(* Let $A$ be a meet-semilattice and $\kappa$ a regular cardinal. Then $A$ is a complete lattice that is a $\kappa$-frame if and only if $\mathcal{BL}_\kappa(\mathcal{DM} A)=A$.
   Context: $\mathcal{DM} A$ is the complete lattice of normal ideals of $A$. An existing join $\bigvee S$ is distributive if $a\wedge\bigvee S=\bigvee\{a\wedge s:s\in S\}$ for all $a$. $\mathcal{BL} A$ is the frame of D-ideals of $A$ (downsets containing $\bigvee S$ for every subset $S$ with distributive join), and $A$ is identified with $\{{\downarrow}a:a\in A\}\subseteq\mathcal{DM} A\subseteq\mathcal{BL} A$. $\mathcal{BL}_\kappa(\mathcal{DM} A)$ is the sub-$\kappa$-frame of $\mathcal{BL} A$ generated by $\mathcal{DM} A$ (closure under finite meets and joins of fewer than $\kappa$ elements computed in $\mathcal{BL} A$). A $\kappa$-frame is a meet-semilattice in which all joins of fewer than $\kappa$ elements exist and are distributive. *)

theory Defs
  imports Main
begin

definition upper_bounds :: "'a::order set \<Rightarrow> 'a set" where
  "upper_bounds S = {x. \<forall>s\<in>S. s \<le> x}"

definition lower_bounds :: "'a::order set \<Rightarrow> 'a set" where
  "lower_bounds S = {x. \<forall>s\<in>S. x \<le> s}"

definition is_join :: "'a::order set \<Rightarrow> 'a \<Rightarrow> bool" where
  "is_join S x \<longleftrightarrow> x \<in> upper_bounds S \<and> (\<forall>y\<in>upper_bounds S. x \<le> y)"

definition is_dist_join :: "'a::semilattice_inf set \<Rightarrow> 'a \<Rightarrow> bool" where
  "is_dist_join S x \<longleftrightarrow> is_join S x \<and> (\<forall>a. is_join ((\<lambda>s. inf a s) ` S) (inf a x))"

definition DM :: "'a::order set set" where
  "DM = {I. I = lower_bounds (upper_bounds I)}"

definition downset :: "'a::order set \<Rightarrow> bool" where
  "downset I \<longleftrightarrow> (\<forall>x\<in>I. \<forall>y. y \<le> x \<longrightarrow> y \<in> I)"

definition D_ideal :: "'a::semilattice_inf set \<Rightarrow> bool" where
  "D_ideal I \<longleftrightarrow> downset I \<and> (\<forall>S x. S \<subseteq> I \<and> is_dist_join S x \<longrightarrow> x \<in> I)"

definition BL :: "'a::semilattice_inf set set" where
  "BL = {I. D_ideal I}"

definition BL_Join :: "'a::semilattice_inf set set \<Rightarrow> 'a set" where
  "BL_Join \<F> = \<Inter>{I. D_ideal I \<and> \<Union>\<F> \<subseteq> I}"

text \<open>BL_kappa(DM A): the sub-kappa-frame of BL A generated by DM A
  (closure of DM A under finite meets, i.e. intersections, and joins in BL A
   of fewer than kappa elements)\<close>
inductive_set BL_kappa_DM :: "'k rel \<Rightarrow> 'a::semilattice_inf set set" for \<kappa> :: "'k rel" where
  base: "I \<in> DM \<Longrightarrow> I \<in> BL_kappa_DM \<kappa>"
| top: "UNIV \<in> BL_kappa_DM \<kappa>"
| meet: "I \<in> BL_kappa_DM \<kappa> \<Longrightarrow> J \<in> BL_kappa_DM \<kappa> \<Longrightarrow> I \<inter> J \<in> BL_kappa_DM \<kappa>"
| join: "(\<And>F. F \<in> \<F> \<Longrightarrow> F \<in> BL_kappa_DM \<kappa>) \<Longrightarrow> (card_of \<F>, \<kappa>) \<in> ordLess \<Longrightarrow> BL_Join \<F> \<in> BL_kappa_DM \<kappa>"

definition complete_lattice_ord :: "'a::order itself \<Rightarrow> bool" where
  "complete_lattice_ord _ \<longleftrightarrow> (\<forall>S::'a set. \<exists>x. is_join S x)"

definition kappa_frame :: "'k rel \<Rightarrow> 'a::semilattice_inf itself \<Rightarrow> bool" where
  "kappa_frame \<kappa> _ \<longleftrightarrow> (\<forall>S::'a set. (card_of S, \<kappa>) \<in> ordLess \<longrightarrow> (\<exists>x. is_dist_join S x))"

end

theory Submission
  imports Defs
begin

text \<open>Identify a \<in> A with the principal ideal {..a}. A join of S exists iff the normal ideal
  generated by S is principal, so completeness of A says exactly that DM A consists of principal
  ideals. For the \<kappa>-frame condition the key observation is that, for a, y \<in> A, the set
  {z. a \<sqinter> z \<le> y} is a D-ideal; hence the join of the principal ideals of S in BL A is a
  principal ideal {..x} iff x is a distributive join of S. Therefore the generated
  sub-\<kappa>-frame collapses to A precisely when A is complete and a \<kappa>-frame.\<close>

lemma D_ideal_atMost: "D_ideal {..x::'a::semilattice_inf}"
  unfolding D_ideal_def downset_def is_dist_join_def is_join_def upper_bounds_def
  by auto

lemma D_ideal_inf_le: "D_ideal {z::'a::semilattice_inf. inf a z \<le> y}"
  unfolding D_ideal_def downset_def
proof (intro conjI ballI allI impI)
  fix z w :: 'a
  assume "z \<in> {z. inf a z \<le> y}" "w \<le> z"
  then show "w \<in> {z. inf a z \<le> y}" by (auto intro: order_trans inf_mono)
next
  fix T t
  assume "T \<subseteq> {z. inf a z \<le> y} \<and> is_dist_join T t"
  then have "T \<subseteq> {z. inf a z \<le> y}" "is_join ((\<lambda>s. inf a s) ` T) (inf a t)"
    unfolding is_dist_join_def by auto
  then show "t \<in> {z. inf a z \<le> y}" unfolding is_join_def upper_bounds_def by auto
qed

lemma UNIV_in_DM: "UNIV \<in> DM"
  unfolding DM_def lower_bounds_def upper_bounds_def by auto

lemma atMost_in_DM: "{..a::'a::order} \<in> DM"
  unfolding DM_def lower_bounds_def upper_bounds_def by auto

lemma lower_bounds_upper_bounds_in_DM: "lower_bounds (upper_bounds S) \<in> DM"
  unfolding DM_def lower_bounds_def upper_bounds_def by auto

lemma is_join_iff_lower_bounds_upper_bounds:
  "is_join S a \<longleftrightarrow> lower_bounds (upper_bounds S) = {..a::'a::order}"
  unfolding is_join_def lower_bounds_def upper_bounds_def set_eq_iff
  by (auto intro: order_trans)

lemma complete_lattice_ord_iff_DM_subset:
  "complete_lattice_ord TYPE('a::order) \<longleftrightarrow> (DM :: 'a set set) \<subseteq> range (\<lambda>a. {..a})"
proof
  assume "complete_lattice_ord TYPE('a)"
  then show "(DM :: 'a set set) \<subseteq> range (\<lambda>a. {..a})"
    unfolding complete_lattice_ord_def DM_def is_join_iff_lower_bounds_upper_bounds by force
next
  assume "(DM :: 'a set set) \<subseteq> range (\<lambda>a. {..a})"
  then show "complete_lattice_ord TYPE('a)"
    using lower_bounds_upper_bounds_in_DM
    unfolding complete_lattice_ord_def is_join_iff_lower_bounds_upper_bounds by blast
qed

lemma BL_Join_upper: "F \<in> \<F> \<Longrightarrow> F \<subseteq> BL_Join \<F>"
  unfolding BL_Join_def by auto

lemma BL_Join_least: "D_ideal I \<Longrightarrow> \<Union>\<F> \<subseteq> I \<Longrightarrow> BL_Join \<F> \<subseteq> I"
  unfolding BL_Join_def by auto

lemma BL_Join_atMost_le_iff:
  "BL_Join ((\<lambda>a. {..a}) ` S) \<subseteq> {..y::'a::semilattice_inf} \<longleftrightarrow> y \<in> upper_bounds S"
proof
  assume le: "BL_Join ((\<lambda>a. {..a}) ` S) \<subseteq> {..y}"
  have "s \<le> y" if "s \<in> S" for s
    using BL_Join_upper[of "{..s}"] that le by blast
  then show "y \<in> upper_bounds S" unfolding upper_bounds_def by blast
next
  assume "y \<in> upper_bounds S"
  then have "\<Union>((\<lambda>a. {..a}) ` S) \<subseteq> {..y}"
    unfolding upper_bounds_def by (auto intro: order_trans)
  then show "BL_Join ((\<lambda>a. {..a}) ` S) \<subseteq> {..y}"
    by (rule BL_Join_least[OF D_ideal_atMost])
qed

lemma BL_Join_atMost_eq_iff:
  "BL_Join ((\<lambda>a. {..a}) ` S) = {..x::'a::semilattice_inf} \<longleftrightarrow> is_dist_join S x"
proof
  assume x: "BL_Join ((\<lambda>a. {..a}) ` S) = {..x}"
  then have "is_join S x"
    using BL_Join_atMost_le_iff[of S] unfolding is_join_def by auto
  moreover have "is_join ((\<lambda>s. inf a s) ` S) (inf a x)" for a
    unfolding is_join_def
  proof
    show "inf a x \<in> upper_bounds ((\<lambda>s. inf a s) ` S)"
      using \<open>is_join S x\<close> unfolding is_join_def upper_bounds_def by (auto intro: le_infI2)
    show "\<forall>y\<in>upper_bounds ((\<lambda>s. inf a s) ` S). inf a x \<le> y"
    proof
      fix y assume "y \<in> upper_bounds ((\<lambda>s. inf a s) ` S)"
      then have "\<Union>((\<lambda>a. {..a}) ` S) \<subseteq> {z. inf a z \<le> y}"
        unfolding upper_bounds_def by (auto intro: order_trans inf_mono)
      then have "BL_Join ((\<lambda>a. {..a}) ` S) \<subseteq> {z. inf a z \<le> y}"
        by (rule BL_Join_least[OF D_ideal_inf_le])
      then show "inf a x \<le> y" using x by auto
    qed
  qed
  ultimately show "is_dist_join S x" unfolding is_dist_join_def by blast
next
  assume x: "is_dist_join S x"
  show "BL_Join ((\<lambda>a. {..a}) ` S) = {..x}"
  proof
    show "BL_Join ((\<lambda>a. {..a}) ` S) \<subseteq> {..x}"
      using x BL_Join_atMost_le_iff unfolding is_dist_join_def is_join_def by blast
    have "x \<in> I" if "D_ideal I" "\<Union>((\<lambda>a. {..a}) ` S) \<subseteq> I" for I
      using that x unfolding D_ideal_def by blast
    then show "{..x} \<subseteq> BL_Join ((\<lambda>a. {..a}) ` S)"
      unfolding BL_Join_def D_ideal_def downset_def by auto
  qed
qed

lemma kappa_frame_iff_BL_Join_atMost:
  "kappa_frame \<kappa> TYPE('a::semilattice_inf) \<longleftrightarrow>
    (\<forall>S::'a set. (card_of S, \<kappa>) \<in> ordLess \<longrightarrow> BL_Join ((\<lambda>a. {..a}) ` S) \<in> range (\<lambda>a. {..a}))"
  unfolding kappa_frame_def using BL_Join_atMost_eq_iff by (metis rangeE rangeI)

lemma card_of_atMost_image_ordLess:
  assumes "(card_of S, \<kappa>) \<in> ordLess"
  shows "(card_of ((\<lambda>a. {..a::'a::order}) ` S), \<kappa>) \<in> ordLess"
  using card_of_image ordLeq_ordLess_trans assms by blast

lemma principal_family_card_of_ordLess:
  fixes \<F> :: "'a::order set set"
  assumes "\<F> \<subseteq> range (\<lambda>a. {..a})" "(card_of \<F>, \<kappa>) \<in> ordLess"
  obtains S where "\<F> = (\<lambda>a. {..a}) ` S" "(card_of S, \<kappa>) \<in> ordLess"
proof
  let ?S = "{a. {..a} \<in> \<F>}"
  show "\<F> = (\<lambda>a. {..a}) ` ?S" using assms(1) by auto
  have "(card_of ?S, card_of \<F>) \<in> ordLeq"
    by (rule card_of_ordLeqI[of "\<lambda>a. {..a}"]) (auto simp: inj_on_def)
  then show "(card_of ?S, \<kappa>) \<in> ordLess" using assms(2) ordLeq_ordLess_trans by blast
qed

lemma BL_kappa_DM_subset_principal:
  assumes "complete_lattice_ord TYPE('a::semilattice_inf)" "kappa_frame \<kappa> TYPE('a)"
  shows "(BL_kappa_DM \<kappa> :: 'a set set) \<subseteq> range (\<lambda>a. {..a})"
proof
  fix I :: "'a set"
  assume "I \<in> BL_kappa_DM \<kappa>"
  then show "I \<in> range (\<lambda>a. {..a})"
  proof (induction rule: BL_kappa_DM.induct)
    case (base I)
    then show ?case using assms(1) complete_lattice_ord_iff_DM_subset by blast
  next
    case top
    then show ?case using assms(1) complete_lattice_ord_iff_DM_subset UNIV_in_DM by blast
  next
    case (meet I J)
    then obtain a b where "I = {..a}" "J = {..b}" by blast
    then have "I \<inter> J = {..inf a b}" by auto
    then show ?case by blast
  next
    case (join \<F>)
    have "\<F> \<subseteq> range (\<lambda>a. {..a})" using join.IH by blast
    then obtain S where S: "\<F> = (\<lambda>a. {..a}) ` S" "(card_of S, \<kappa>) \<in> ordLess"
      using principal_family_card_of_ordLess \<open>(card_of \<F>, \<kappa>) \<in> ordLess\<close> by blast
    show ?case
      using assms(2) S unfolding kappa_frame_iff_BL_Join_atMost by simp
  qed
qed

theorem theorem4p14:
  fixes \<kappa> :: "'k rel"
  assumes "Cinfinite \<kappa>" and "regularCard \<kappa>"
  shows "(complete_lattice_ord TYPE('a::semilattice_inf) \<and> kappa_frame \<kappa> TYPE('a))
     \<longleftrightarrow> (BL_kappa_DM \<kappa> :: 'a set set) = range (\<lambda>a. {..a})"
proof
  assume "complete_lattice_ord TYPE('a) \<and> kappa_frame \<kappa> TYPE('a)"
  moreover have "range (\<lambda>a. {..a}) \<subseteq> (BL_kappa_DM \<kappa> :: 'a set set)"
    using BL_kappa_DM.base[OF atMost_in_DM] by blast
  ultimately show "(BL_kappa_DM \<kappa> :: 'a set set) = range (\<lambda>a. {..a})"
    using BL_kappa_DM_subset_principal by blast
next
  assume principal: "(BL_kappa_DM \<kappa> :: 'a set set) = range (\<lambda>a. {..a})"
  have "complete_lattice_ord TYPE('a)"
    using principal BL_kappa_DM.base complete_lattice_ord_iff_DM_subset by blast
  moreover have "kappa_frame \<kappa> TYPE('a)"
    unfolding kappa_frame_iff_BL_Join_atMost
  proof (intro allI impI)
    fix S :: "'a set"
    assume "(card_of S, \<kappa>) \<in> ordLess"
    then have "BL_Join ((\<lambda>a. {..a}) ` S) \<in> (BL_kappa_DM \<kappa> :: 'a set set)"
      using card_of_atMost_image_ordLess
      by (intro BL_kappa_DM.join) (auto intro: BL_kappa_DM.base atMost_in_DM)
    then show "BL_Join ((\<lambda>a. {..a}) ` S) \<in> range (\<lambda>a. {..a})" using principal by blast
  qed
  ultimately show "complete_lattice_ord TYPE('a) \<and> kappa_frame \<kappa> TYPE('a)" by blast
qed

end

****

> WORK TO BE COMPLETED: Search the listing above for "assumes" and copy every line that has it.

> SOLUTION TO THIS EXERCISE:
  assumes "(card_of S, \<kappa>) \<in> ordLess"
  assumes "\<F> \<subseteq> range (\<lambda>a. {..a})" "(card_of \<F>, \<kappa>) \<in> ordLess"
  assumes "complete_lattice_ord TYPE('a::semilattice_inf)" "kappa_frame \<kappa> TYPE('a)"
  assumes "Cinfinite \<kappa>" and "regularCard \<kappa>"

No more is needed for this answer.